• _Record extracts_:
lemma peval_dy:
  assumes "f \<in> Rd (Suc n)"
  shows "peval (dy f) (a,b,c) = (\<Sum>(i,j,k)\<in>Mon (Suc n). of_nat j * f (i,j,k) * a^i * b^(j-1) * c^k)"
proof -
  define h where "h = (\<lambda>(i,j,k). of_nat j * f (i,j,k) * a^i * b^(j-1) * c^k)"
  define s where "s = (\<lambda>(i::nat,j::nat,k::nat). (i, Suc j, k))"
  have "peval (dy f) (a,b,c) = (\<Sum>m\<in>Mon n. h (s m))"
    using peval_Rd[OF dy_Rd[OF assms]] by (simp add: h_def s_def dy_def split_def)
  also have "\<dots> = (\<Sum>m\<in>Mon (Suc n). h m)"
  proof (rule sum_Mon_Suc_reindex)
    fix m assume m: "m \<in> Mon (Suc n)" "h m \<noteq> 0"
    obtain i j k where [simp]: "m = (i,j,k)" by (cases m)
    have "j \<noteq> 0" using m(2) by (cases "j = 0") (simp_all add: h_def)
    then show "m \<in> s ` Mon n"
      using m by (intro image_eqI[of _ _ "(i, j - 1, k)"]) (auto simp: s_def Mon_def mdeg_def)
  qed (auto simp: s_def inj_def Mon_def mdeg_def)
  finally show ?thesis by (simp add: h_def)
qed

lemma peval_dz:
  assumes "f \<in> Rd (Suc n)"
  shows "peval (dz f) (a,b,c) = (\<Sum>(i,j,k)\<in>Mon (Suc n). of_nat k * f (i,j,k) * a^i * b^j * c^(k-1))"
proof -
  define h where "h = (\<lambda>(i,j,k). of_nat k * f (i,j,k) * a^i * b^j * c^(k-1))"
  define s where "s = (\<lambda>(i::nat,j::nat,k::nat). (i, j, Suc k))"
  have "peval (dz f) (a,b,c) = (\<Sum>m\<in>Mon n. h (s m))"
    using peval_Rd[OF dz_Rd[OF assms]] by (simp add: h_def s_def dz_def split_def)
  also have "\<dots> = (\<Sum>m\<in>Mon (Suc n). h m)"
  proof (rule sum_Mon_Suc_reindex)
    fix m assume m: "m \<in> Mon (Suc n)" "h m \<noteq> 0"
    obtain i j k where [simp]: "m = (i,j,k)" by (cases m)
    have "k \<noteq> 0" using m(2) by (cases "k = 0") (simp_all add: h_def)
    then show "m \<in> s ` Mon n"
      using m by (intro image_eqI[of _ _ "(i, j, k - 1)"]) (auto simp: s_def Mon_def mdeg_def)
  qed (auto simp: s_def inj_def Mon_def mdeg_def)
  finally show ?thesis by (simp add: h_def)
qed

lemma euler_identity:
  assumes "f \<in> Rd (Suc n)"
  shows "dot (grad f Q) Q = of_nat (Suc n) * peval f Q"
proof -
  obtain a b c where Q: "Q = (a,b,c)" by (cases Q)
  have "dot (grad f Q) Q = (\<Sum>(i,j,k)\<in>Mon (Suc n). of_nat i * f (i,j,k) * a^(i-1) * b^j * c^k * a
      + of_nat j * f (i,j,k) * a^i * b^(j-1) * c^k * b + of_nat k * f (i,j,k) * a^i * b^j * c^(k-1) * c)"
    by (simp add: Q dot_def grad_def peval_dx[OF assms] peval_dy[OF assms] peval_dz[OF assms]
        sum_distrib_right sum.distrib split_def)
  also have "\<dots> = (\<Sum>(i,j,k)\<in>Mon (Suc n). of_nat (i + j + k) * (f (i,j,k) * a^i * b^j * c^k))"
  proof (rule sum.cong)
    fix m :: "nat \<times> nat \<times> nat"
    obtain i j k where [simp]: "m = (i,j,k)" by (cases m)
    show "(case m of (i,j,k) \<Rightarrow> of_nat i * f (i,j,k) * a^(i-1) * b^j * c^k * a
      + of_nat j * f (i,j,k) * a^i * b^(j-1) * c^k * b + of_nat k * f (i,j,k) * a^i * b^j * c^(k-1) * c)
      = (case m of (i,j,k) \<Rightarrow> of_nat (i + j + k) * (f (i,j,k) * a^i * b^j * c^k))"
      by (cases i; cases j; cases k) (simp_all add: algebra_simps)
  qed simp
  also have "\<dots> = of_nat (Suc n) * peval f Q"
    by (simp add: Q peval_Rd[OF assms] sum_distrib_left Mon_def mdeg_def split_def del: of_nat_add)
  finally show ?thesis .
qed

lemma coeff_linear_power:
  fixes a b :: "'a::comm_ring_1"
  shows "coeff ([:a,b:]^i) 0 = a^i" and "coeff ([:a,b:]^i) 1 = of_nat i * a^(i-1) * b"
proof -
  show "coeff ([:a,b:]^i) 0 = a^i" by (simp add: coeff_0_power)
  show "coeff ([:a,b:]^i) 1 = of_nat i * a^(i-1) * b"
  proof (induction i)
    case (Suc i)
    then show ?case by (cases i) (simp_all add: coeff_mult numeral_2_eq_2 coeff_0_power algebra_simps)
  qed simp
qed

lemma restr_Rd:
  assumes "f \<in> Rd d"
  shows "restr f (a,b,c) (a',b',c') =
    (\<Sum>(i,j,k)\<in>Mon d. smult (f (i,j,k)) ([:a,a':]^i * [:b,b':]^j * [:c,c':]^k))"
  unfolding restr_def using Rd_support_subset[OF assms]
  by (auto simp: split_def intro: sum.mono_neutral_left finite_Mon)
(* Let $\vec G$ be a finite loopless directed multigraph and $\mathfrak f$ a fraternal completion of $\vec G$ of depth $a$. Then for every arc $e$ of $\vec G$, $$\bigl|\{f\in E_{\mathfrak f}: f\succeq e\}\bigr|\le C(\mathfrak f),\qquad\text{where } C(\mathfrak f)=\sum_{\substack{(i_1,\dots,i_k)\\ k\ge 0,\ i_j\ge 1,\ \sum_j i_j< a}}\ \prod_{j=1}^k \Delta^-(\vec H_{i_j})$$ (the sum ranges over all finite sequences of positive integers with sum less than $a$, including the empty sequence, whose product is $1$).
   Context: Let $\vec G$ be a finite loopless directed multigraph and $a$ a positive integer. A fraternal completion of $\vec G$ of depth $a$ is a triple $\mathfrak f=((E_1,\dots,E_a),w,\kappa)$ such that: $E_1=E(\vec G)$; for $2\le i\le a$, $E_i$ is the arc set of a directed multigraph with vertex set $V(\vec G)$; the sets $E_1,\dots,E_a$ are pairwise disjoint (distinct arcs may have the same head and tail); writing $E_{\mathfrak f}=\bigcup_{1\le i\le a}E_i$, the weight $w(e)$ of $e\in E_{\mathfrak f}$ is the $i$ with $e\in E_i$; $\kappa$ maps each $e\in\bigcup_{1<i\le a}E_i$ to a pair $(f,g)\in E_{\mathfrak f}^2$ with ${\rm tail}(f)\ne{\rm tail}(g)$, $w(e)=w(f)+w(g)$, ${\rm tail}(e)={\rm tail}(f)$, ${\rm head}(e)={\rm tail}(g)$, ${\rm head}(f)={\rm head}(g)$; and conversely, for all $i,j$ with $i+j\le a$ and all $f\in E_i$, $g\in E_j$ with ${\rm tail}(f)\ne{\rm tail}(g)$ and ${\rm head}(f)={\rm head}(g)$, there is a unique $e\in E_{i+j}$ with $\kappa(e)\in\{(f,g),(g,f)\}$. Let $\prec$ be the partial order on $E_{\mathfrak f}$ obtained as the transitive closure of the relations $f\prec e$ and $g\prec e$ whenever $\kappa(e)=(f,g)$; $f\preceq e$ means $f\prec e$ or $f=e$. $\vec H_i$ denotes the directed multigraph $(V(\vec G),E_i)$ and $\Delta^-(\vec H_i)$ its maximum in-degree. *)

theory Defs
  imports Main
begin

• _Exercise requirements_:
Give the count of lines in the material containing "assms". The reply is that number alone.

• _Response below_:
5